Social housing green paper

The Grenfell Tower fire in June 2017 exposed a range of issues with social housing and provided an impetus for change. In August 2018, following extensive engagement and consultation with social housing residents across the country, the Government published a social housing green paper – A new deal for social housing – which aimed to “rebalance the relationship between residents and landlords”.

Alongside the green paper, the Government published a Call for evidence: Review of social housing regulation which sought views on how well the regulatory regime was operating. The consultation ran from 14 August to 6 November 2018 and received over 1,000 responses.

Social housing white paper

After a gap of two years, on 17 November 2020 the Government published a social housing white paper –The Charter for Social Housing Residents.

The Charter sets out measures designed to deliver on the Government’s commitment to the Grenfell community that “never again would the voices of residents go unheard” and on its 2019 manifesto pledge, to empower residents, provide greater redress, better regulation and improve the quality of social housing.

The white paper is intended to deliver “transformational change” for social housing residents. It sets out measures to:

  • Ensure social housing is safe.
  • Make it easier to know how social landlords are performing, to increase transparency and accountability.
  • Ensure swift and effective complaint resolution.
  • Strengthen the consumer standards social landlords must meet and create a strong, proactive regime to enforce them.
  • Empower residents to support them in engaging with and holding their landlords to account.
  • Ensure good quality, decent homes and neighbourhoods.
  • Support tenants to buy a home of their own.

The roles of the Regulator of Social Housing and the Housing Ombudsman are being strengthened to help deliver these measures.
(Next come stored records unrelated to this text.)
(* Fix a single machine with nonnegative real parameters $k^A,k^B,t^A,t^B$ and a real bound $L$. For integers $a,b\ge 0$ let $f(a,b)$ be the minimum processing time for this machine to process $a$ A-jobs and $b$ B-jobs (as defined in the context). Then for every fixed integer $a\ge 0$, the set $\{b\in\mathbb{Z}_{\ge 0} : f(a,b)\le L\}$ consists of consecutive integers, i.e. if $b_1<b_2<b_3$ are nonnegative integers with $f(a,b_1)\le L$ and $f(a,b_3)\le L$, then $f(a,b_2)\le L$.
   Context: A machine processes jobs of two types, A and B, in batches. A schedule for the task-combination $(a,b)$ ($a$ A-jobs and $b$ B-jobs) is a finite sequence of batches, each batch being a nonempty group of jobs of a single type, such that any two consecutive batches in the sequence are of different types, and in total exactly $a$ A-jobs and $b$ B-jobs are processed. An A-batch of $x$ jobs takes $t^A+k^A x^2$ time units and a B-batch of $x$ jobs takes $t^B+k^B x^2$ time units; the time of a schedule is the sum of the times of its batches (the empty schedule, used for $(0,0)$, takes time $0$). $f(a,b)$ is the minimum time over all schedules for $(a,b)$. *)

theory Defs
  imports Main "HOL.Real"
begin

datatype jobtype = A | B

type_synonym batch = "jobtype \<times> nat"

definition valid_schedule :: "batch list \<Rightarrow> bool" where
  "valid_schedule s \<longleftrightarrow>
     (\<forall>x \<in> set s. snd x > 0) \<and>
     (\<forall>i. Suc i < length s \<longrightarrow> fst (s ! i) \<noteq> fst (s ! Suc i))"

definition jobs_of :: "jobtype \<Rightarrow> batch list \<Rightarrow> nat" where
  "jobs_of T s = (\<Sum>x\<leftarrow>s. if fst x = T then snd x else 0)"

definition batch_time :: "real \<Rightarrow> real \<Rightarrow> real \<Rightarrow> real \<Rightarrow> batch \<Rightarrow> real" where
  "batch_time kA kB tA tB x =
     (case fst x of
        A \<Rightarrow> tA + kA * (real (snd x))^2
      | B \<Rightarrow> tB + kB * (real (snd x))^2)"

definition sched_time :: "real \<Rightarrow> real \<Rightarrow> real \<Rightarrow> real \<Rightarrow> batch list \<Rightarrow> real" where
  "sched_time kA kB tA tB s = (\<Sum>x\<leftarrow>s. batch_time kA kB tA tB x)"

text \<open>Minimum processing time f(a,b) (the minimum exists: finitely many schedules, at least one).\<close>
definition fmin :: "real \<Rightarrow> real \<Rightarrow> real \<Rightarrow> real \<Rightarrow> nat \<Rightarrow> nat \<Rightarrow> real" where
  "fmin kA kB tA tB a b =
     Min {sched_time kA kB tA tB s | s. valid_schedule s \<and> jobs_of A s = a \<and> jobs_of B s = b}"

end

(* Let a schedule have p A-batches and q B-batches; alternation forces |p - q| <= 1.
   For integers x and m, x^2 >= (2m+1)x - m(m+1), with equality for x in {m, m+1}.  Hence the
   A-batches cost at least balanced_cost p, the cost of splitting the a jobs as evenly as
   possible into p batches, and the B-batches cost at least q(t^B + k^B); both bounds are attained
   together by alternating an even split with singleton B-batches.  Moreover balanced_cost is a
   maximum of functions affine in p, hence convex.

   Take schedules for (a, b1) and (a, b3) of time at most L.  If the second has at most b2
   B-batches, shrinking its B-batches yields a cheaper schedule for (a, b2).  Otherwise its batch
   counts (p', q') satisfy q' > b2, and those (p, q) of the first satisfy q <= b1 < b2; the chord
   of the convex function balanced_cost between p and p' bounds its value at b2 + 1 (or p' itself
   is close enough to b2), which yields a schedule for (a, b2) of time at most L. *)

theory Submission
  imports Defs
begin

lemma discrete_convex_diff_mono:
  fixes h :: "nat \<Rightarrow> real"
  assumes convex: "\<And>n. lo < n \<Longrightarrow> n < hi \<Longrightarrow> 2 * h n \<le> h (n - 1) + h (n + 1)"
    and "lo \<le> i" "i \<le> k" "k < hi"
  shows "h (i + 1) - h i \<le> h (k + 1) - h k"
  using \<open>i \<le> k\<close> \<open>k < hi\<close>
proof (induction k rule: dec_induct)
  case (step n)
  have "2 * h (Suc n) \<le> h n + h (Suc n + 1)"
    using convex[of "Suc n"] \<open>lo \<le> i\<close> step by simp
  then show ?case using step by simp
qed simp

lemma discrete_convex_above_line:
  fixes h :: "nat \<Rightarrow> real"
  assumes convex: "\<And>n. lo < n \<Longrightarrow> n < hi \<Longrightarrow> 2 * h n \<le> h (n - 1) + h (n + 1)"
    and "lo \<le> j" "j < hi" "lo \<le> x" "x \<le> hi"
  shows "h j + (real x - real j) * (h (j + 1) - h j) \<le> h x"
proof (cases "j \<le> x")
  case True
  then show ?thesis using \<open>x \<le> hi\<close>
  proof (induction x rule: dec_induct)
    case (step n)
    then have "h (j + 1) - h j \<le> h (n + 1) - h n"
      using discrete_convex_diff_mono[OF convex] assms(2) by simp
    with step show ?case by (simp add: algebra_simps)
  qed simp
next
  case False
  then have "x \<le> j" by simp
  then show ?thesis
  proof (induction x rule: inc_induct)
    case (step n)
    then have "h (n + 1) - h n \<le> h (j + 1) - h j"
      using discrete_convex_diff_mono[OF convex] assms(3,4) by simp
    with step show ?case by (simp add: algebra_simps)
  qed simp
qed

lemma discrete_convex_below_chord:
  fixes h :: "nat \<Rightarrow> real"
  assumes convex: "\<And>n. lo < n \<Longrightarrow> n < hi \<Longrightarrow> 2 * h n \<le> h (n - 1) + h (n + 1)"
    and "lo \<le> x" "x \<le> y" "y \<le> z" "z \<le> hi"
  shows "(real z - real x) * h y \<le> (real z - real y) * h x + (real y - real x) * h z"
proof (cases "y = z")
  case False
  define l where "l t = h y + (real t - real y) * (h (y + 1) - h y)" for t
  have "l x \<le> h x" "l z \<le> h z"
    unfolding l_def using discrete_convex_above_line[OF convex] assms False by simp_all
  have "(real z - real x) * h y = (real z - real y) * l x + (real y - real x) * l z"
    by (simp add: l_def algebra_simps)
  also have "\<dots> \<le> (real z - real y) * h x + (real y - real x) * h z"
    using \<open>l x \<le> h x\<close> \<open>l z \<le> h z\<close> assms by (intro add_mono mult_left_mono) auto
  finally show ?thesis .
qed (simp add: algebra_simps)

lemma discrete_convex_near_diagonal:
  fixes h :: "nat \<Rightarrow> real" and c L :: real
  assumes convex: "\<And>n. 1 < n \<Longrightarrow> n < a \<Longrightarrow> 2 * h n \<le> h (n - 1) + h (n + 1)"
    and "0 \<le> c" "1 \<le> p" "p' \<le> a"
    and "p \<le> q + 1" "p' \<le> q' + 1" "q' \<le> p' + 1" "q < b" "b < q'"
    and "h p + real q * c \<le> L" "h p' + real q' * c \<le> L"
  obtains r where "0 < r" "r \<le> a" "r \<le> b + 1" "b \<le> r + 1" "h r + real b * c \<le> L"
proof (cases "p' \<le> b + 1")
  case True
  have "real b * c \<le> real q' * c" using \<open>b < q'\<close> \<open>0 \<le> c\<close> by (intro mult_right_mono) auto
  then show ?thesis using True assms by (intro that[of p']) auto
next
  case False
  define x y z where "x = real p" and "y = real b + 1" and "z = real p'"
  have "y \<le> z" "x \<le> y" "x < z" using False assms unfolding x_def y_def z_def by auto
  have "p \<le> b + 1" "b + 1 \<le> p'" using False assms by auto
  from discrete_convex_below_chord[OF convex \<open>1 \<le> p\<close> this \<open>p' \<le> a\<close>]
  have "(z - x) * h (b + 1) \<le> (z - y) * h p + (y - x) * h p'"
    unfolding x_def y_def z_def by (simp add: add.commute)
  also have "\<dots> \<le> (z - y) * (L - real q * c) + (y - x) * (L - real q' * c)"
    using assms \<open>y \<le> z\<close> \<open>x \<le> y\<close> by (intro add_mono mult_left_mono) auto
  also have "\<dots> \<le> (z - x) * (L - real b * c)"
  proof -
    \<comment> \<open>interpolating q \<ge> p - 1 and q' \<ge> p' - 1 at b + 1 gives at least b\<close>
    have "(z - y) * (x - 1) \<le> (z - y) * real q" "(y - x) * (z - 1) \<le> (y - x) * real q'"
      using assms \<open>y \<le> z\<close> \<open>x \<le> y\<close> unfolding x_def z_def by (intro mult_left_mono; simp)+
    then have "(z - x) * real b \<le> (z - y) * real q + (y - x) * real q'"
      unfolding y_def by (simp add: algebra_simps)
    then have "(z - x) * real b * c \<le> ((z - y) * real q + (y - x) * real q') * c"
      using \<open>0 \<le> c\<close> by (rule mult_right_mono)
    then show ?thesis by (simp add: algebra_simps)
  qed
  finally have "h (b + 1) \<le> L - real b * c"
    using \<open>x < z\<close> by (simp add: mult_le_cancel_left_pos)
  then show ?thesis using False assms by (intro that[of "b + 1"]) auto
qed

definition num_batches :: "jobtype \<Rightarrow> batch list \<Rightarrow> nat" where
  "num_batches T s = length (filter (\<lambda>x. fst x = T) s)"

lemma num_batches_simps [simp]:
  "num_batches T [] = 0"
  "num_batches T (x # s) = (if fst x = T then 1 else 0) + num_batches T s"
  by (simp_all add: num_batches_def)

lemma jobs_of_simps [simp]:
  "jobs_of T [] = 0"
  "jobs_of T (x # s) = (if fst x = T then snd x else 0) + jobs_of T s"
  by (simp_all add: jobs_of_def)

lemma sched_time_simps [simp]:
  "sched_time kA kB tA tB [] = 0"
  "sched_time kA kB tA tB (x # s) = batch_time kA kB tA tB x + sched_time kA kB tA tB s"
  by (simp_all add: sched_time_def)

lemma jobs_of_append [simp]: "jobs_of T (xs @ ys) = jobs_of T xs + jobs_of T ys"
  by (simp add: jobs_of_def)

lemma sched_time_append [simp]:
  "sched_time kA kB tA tB (xs @ ys) = sched_time kA kB tA tB xs + sched_time kA kB tA tB ys"
  by (simp add: sched_time_def)

lemma jobs_of_replicate [simp]: "jobs_of T (replicate k x) = k * (if fst x = T then snd x else 0)"
  by (induction k) auto

lemma sched_time_replicate [simp]:
  "sched_time kA kB tA tB (replicate k x) = real k * batch_time kA kB tA tB x"
  by (induction k) (auto simp: algebra_simps)

lemma valid_schedule_Nil [simp]: "valid_schedule []"
  by (simp add: valid_schedule_def)

lemma valid_schedule_Cons:
  "valid_schedule (x # s) \<longleftrightarrow>
     0 < snd x \<and> valid_schedule s \<and> (s \<noteq> [] \<longrightarrow> fst x \<noteq> fst (hd s))"
proof (cases s)
  case (Cons y s')
  then show ?thesis
    unfolding valid_schedule_def by (simp add: All_less_Suc2) blast
qed (simp add: valid_schedule_def)

lemma valid_schedule_pos: "valid_schedule s \<Longrightarrow> x \<in> set s \<Longrightarrow> 0 < snd x"
  by (simp add: valid_schedule_def)

lemma valid_schedule_map_fst:
  assumes "valid_schedule s" "map fst s' = map fst s" "\<forall>x\<in>set s'. 0 < snd x"
  shows "valid_schedule s'"
proof -
  have "length s' = length s" using assms(2) by (metis length_map)
  moreover have "fst (s' ! i) = fst (s ! i)" if "i < length s" for i
    using assms(2) that by (metis \<open>length s' = length s\<close> nth_map)
  ultimately show ?thesis using assms(1,3) unfolding valid_schedule_def by auto
qed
The social housing white paper applies to social housing landlords and residents in England. Different policies apply in Scotland, Wales and Northern Ireland.

Reaction

Overall, the white paper has been well received by tenants, social landlords and the housing sector. Measures intended to raise standards, increase transparency and accountability, improve the complaints and redress process, and engage and empower residents have been widely welcomed.

Nevertheless, concerns have been expressed about some elements, including:

  • the slow pace of social housing reform;
  • failure to address issues around the supply of homes for social rent;
  • lack of clarity about who and what social housing is for;
  • failure to fully address the issue of stigma, exacerbated by the Government’s strong focus on home ownership;
  • lack of a national platform or representative body to represent tenants’ interests; and
  • potential challenges for social landlords in resourcing all the new requirements.
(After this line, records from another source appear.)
definition top_set :: "(int \<Rightarrow> real) \<Rightarrow> int set \<Rightarrow> real \<Rightarrow> real \<Rightarrow> bool" where
  "top_set \<mu> S a b \<longleftrightarrow> a < b \<and> (\<forall>s\<in>S. b < \<mu> s) \<and> (\<forall>t. t \<notin> S \<longrightarrow> \<mu> t < a)"

lemma top_set_unique:
  assumes "finite S" "finite S'" "card S = card S'" "top_set \<mu> S a b" "top_set \<mu> S' a' b'"
  shows "S = S'"
proof (rule ccontr)
  assume ne: "S \<noteq> S'"
  have "\<not> S \<subseteq> S'"
    using ne assms(2,3) card_subset_eq[of S' S] by auto
  moreover have "\<not> S' \<subseteq> S"
    using ne assms(1,3) card_subset_eq[of S S'] by auto
  ultimately obtain s t where "s \<in> S" "s \<notin> S'" "t \<in> S'" "t \<notin> S"
    by blast
  then have "b < \<mu> s" "\<mu> s < a'" "b' < \<mu> t" "\<mu> t < a" "a < b" "a' < b'"
    using assms(4,5) unfolding top_set_def by auto
  then show False by linarith
qed

lemma top_set_near_shift:
  assumes top: "top_set \<mu> S a b" and near: "rho \<nu> (shift k \<mu>) < \<epsilon>"
    and fin: "finite (msupp \<mu>)" "finite (msupp \<nu>)" and gap: "a + \<epsilon> < b - \<epsilon>"
  shows "top_set \<nu> ((\<lambda>s. s + k) ` S) (a + \<epsilon>) (b - \<epsilon>)"
proof -
  have "finite (msupp (shift k \<mu>))"
    using fin by (simp add: msupp_shift)
  then have close: "\<bar>\<nu> t - \<mu> (t - k)\<bar> < \<epsilon>" for t
    using abs_diff_le_rho[of \<nu> "shift k \<mu>" t] near fin(2) unfolding shift_def by linarith
  have "b - \<epsilon> < \<nu> (s + k)" if "s \<in> S" for s
    using close[of "s + k"] top that unfolding top_set_def by auto
  moreover have "\<nu> t < a + \<epsilon>" if "t \<notin> (\<lambda>s. s + k) ` S" for t
  proof -
    have "t - k \<notin> S"
      using that by (metis diff_add_cancel image_eqI)
    then show ?thesis
      using close[of t] top unfolding top_set_def by fastforce
  qed
  ultimately show ?thesis
    using gap unfolding top_set_def by blast
qed

definition gap_width :: "nat \<Rightarrow> real" where
  "gap_width d = 1 / (2 * (real d + 1) * (real d + 3))"

lemma gap_width_pos: "0 < gap_width d"
  by (simp add: gap_width_def)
The Levelling Up, Housing and Communities (LUHC) Select Committee is conducting an inquiry into the regulation of social housing in England.

What next?

There is no timetable attached to delivering the measures set out in the social housing white paper.
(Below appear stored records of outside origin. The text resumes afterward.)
text \<open>Z_2^n semidirect S_n as signed permutation matrices.\<close>
definition signed_perms :: "nat \<Rightarrow> int mat set" where
  "signed_perms n = {E * perm_mat n \<sigma> | E \<sigma>. E \<in> sign_diags n \<and> \<sigma> permutes {..<n}}"

definition rows_from :: "nat \<Rightarrow> int mat \<Rightarrow> int mat" where
  "rows_from i D = mat_of_rows (dim_col D) (drop i (rows D))"

definition ech :: "int mat \<Rightarrow> nat set" where
  "ech D = {i. i < dim_row D \<and> int_rank (rows_from (Suc i) D) < int_rank (rows_from i D)}"

definition Omega0 :: "nat \<Rightarrow> int mat set" where
  "Omega0 n = {\<tau>1 @\<^sub>r \<tau>2 | \<tau>1 \<tau>2. \<tau>1 \<in> SPP n \<and> \<tau>2 \<in> SPP n \<and>
     transpose_mat (transpose_mat \<tau>1 * \<tau>2) = transpose_mat \<tau>1 * \<tau>2 \<and>
     int_rank (\<tau>1 @\<^sub>r \<tau>2) = n}"

definition OmegaI :: "nat \<Rightarrow> nat set \<Rightarrow> int mat set" where
  "OmegaI n I = {\<tau>1 @\<^sub>r \<tau>2 | \<tau>1 \<tau>2. \<tau>1 @\<^sub>r \<tau>2 \<in> Omega0 n \<and>
     \<tau>1 \<in> carrier_mat n n \<and> \<tau>2 \<in> carrier_mat n n \<and> ech \<tau>2 = I}"

definition dblock :: "nat \<Rightarrow> int mat \<Rightarrow> int mat" where
  "dblock n X = four_block_mat X (0\<^sub>m n n) (0\<^sub>m n n) X"

definition SPI_rel :: "nat \<Rightarrow> (int mat \<times> int mat) set" where
  "SPI_rel m = {(\<tau>, \<tau>'). \<tau> \<in> SPI m \<and> \<tau>' \<in> SPI m \<and>
     (\<exists>E \<in> sign_diags m. \<tau>' = E * \<tau> * E)}"

definition Omega_rel :: "nat \<Rightarrow> nat set \<Rightarrow> (int mat \<times> int mat) set" where
  "Omega_rel n I = {(\<omega>, \<omega>'). \<omega> \<in> OmegaI n I \<and> \<omega>' \<in> OmegaI n I \<and>
     (\<exists>E \<in> sign_diags n. \<exists>G \<in> signed_perms n. \<omega>' = dblock n E * \<omega> * G)}"

definition sigmaI :: "nat \<Rightarrow> nat set \<Rightarrow> nat \<Rightarrow> nat" where
  "sigmaI n I = (\<lambda>k. if k < n
      then (sorted_list_of_set I @ sorted_list_of_set ({..<n} - I)) ! k else k)"

definition PhiI :: "nat \<Rightarrow> nat set \<Rightarrow> int mat \<Rightarrow> int mat" where
  "PhiI n I \<tau> = (let m = card I in
     dblock n (perm_mat n (sigmaI n I)) *
     (four_block_mat \<tau> (0\<^sub>m m (n-m)) (0\<^sub>m (n-m) m) (1\<^sub>m (n-m)) @\<^sub>r
      four_block_mat (1\<^sub>m m) (0\<^sub>m m (n-m)) (0\<^sub>m (n-m) m) (0\<^sub>m (n-m) (n-m))))"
The paper provides a framework for reform, but the detail of many of the proposals requires further development and engagement with the sector. The Government established an Expert Challenge Panel, involving experts from across the housing sector, to advise on the how the white paper proposals can be delivered.

Some reforms will require primary legislation before they can be implemented. The Government’s levelling up white paper, published on 2 February 2022, included a commitment to bring forward a Social Housing Regulation Bill. The Secretary of State for the Department for Levelling Up, Housing and Communities (DLUHC), Michael Gove, confirmed to the LUHC Select Committee that the Government hoped to introduce the Bill in Parliament in May or June 2022.